SUPPLIED DATA below:

(* Let $A$ and $B$ be two physical systems with Hamiltonians $H^A=\sum_{x=1}^m a_x|x\rangle\langle x|^A$ and $H^B=\sum_{y=1}^n b_y|y\rangle\langle y|^B$ that are relatively non-degenerate. Then a quantum channel $\mathcal{N}:A\to B$ is time-translation covariant if and only if $$\mathcal{N}^{A\to B}=\Delta^{B\to B}\circ\mathcal{N}^{A\to B}\circ\Delta^{A\to A},$$ where $\Delta^{A\to A}(\rho)=\sum_{x=1}^m\langle x|\rho|x\rangle|x\rangle\langle x|$ and $\Delta^{B\to B}(\rho)=\sum_{y=1}^n\langle y|\rho|y\rangle|y\rangle\langle y|$ are the completely dephasing channels in the energy eigenbases.
   Context: The Hamiltonians are relatively non-degenerate if for all $x,x'\in[m]$ and $y,y'\in[n]$, $a_x-a_{x'}=b_y-b_{y'}$ implies $x=x'$ and $y=y'$ (in particular both are non-degenerate, so the eigenbases are unique up to phases). A channel (CPTP map) $\mathcal{E}:A\to B$ is time-translation covariant if $\mathcal{E}(e^{-iH^At}\rho e^{iH^At})=e^{-iH^Bt}\mathcal{E}(\rho)e^{iH^Bt}$ for all $t\in\mathbb{R}$ and all density matrices $\rho$ on $A$. *)

theory Defs
  imports "Jordan_Normal_Form.Matrix"
begin

(* Operators on a d-dimensional Hilbert space are complex d x d matrices,
   written in the energy eigenbasis |0>,...,|d-1>. *)

definition psd :: "nat \<Rightarrow> complex mat \<Rightarrow> bool" where
  "psd d X \<longleftrightarrow> X \<in> carrier_mat d d
     \<and> (\<forall>i<d. \<forall>j<d. X $$ (j, i) = cnj (X $$ (i, j)))
     \<and> (\<forall>v :: nat \<Rightarrow> complex.
           0 \<le> Re (\<Sum>i<d. \<Sum>j<d. cnj (v i) * X $$ (i, j) * v j))"

definition tr :: "complex mat \<Rightarrow> complex" where
  "tr X = (\<Sum>i<dim_row X. X $$ (i, i))"

definition density :: "nat \<Rightarrow> complex mat \<Rightarrow> bool" where
  "density d \<rho> \<longleftrightarrow> psd d \<rho> \<and> tr \<rho> = 1"

definition adj :: "complex mat \<Rightarrow> complex mat" where
  "adj U = mat (dim_col U) (dim_row U) (\<lambda>(i, j). cnj (U $$ (j, i)))"

definition hamiltonian :: "nat \<Rightarrow> (nat \<Rightarrow> real) \<Rightarrow> complex mat" where
  "hamiltonian d e = mat d d (\<lambda>(i, j). if i = j then complex_of_real (e i) else 0)"

definition evol :: "nat \<Rightarrow> (nat \<Rightarrow> real) \<Rightarrow> real \<Rightarrow> complex mat" where
  "evol d e t = mat d d (\<lambda>(i, j). if i = j then exp (- \<i> * complex_of_real (e i * t)) else 0)"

End of SUPPLIED DATA.

## DESCRIPTION OF THE TASK
Repeat word for word the lines above that run from the line containing "mat (dim_col U)" through the line containing "j then complex_of_real", both ends included, and nothing else.

## WRITTEN SOLUTION
  "adj U = mat (dim_col U) (dim_row U) (\<lambda>(i, j). cnj (U $$ (j, i)))"

definition hamiltonian :: "nat \<Rightarrow> (nat \<Rightarrow> real) \<Rightarrow> complex mat" where
  "hamiltonian d e = mat d d (\<lambda>(i, j). if i = j then complex_of_real (e i) else 0)"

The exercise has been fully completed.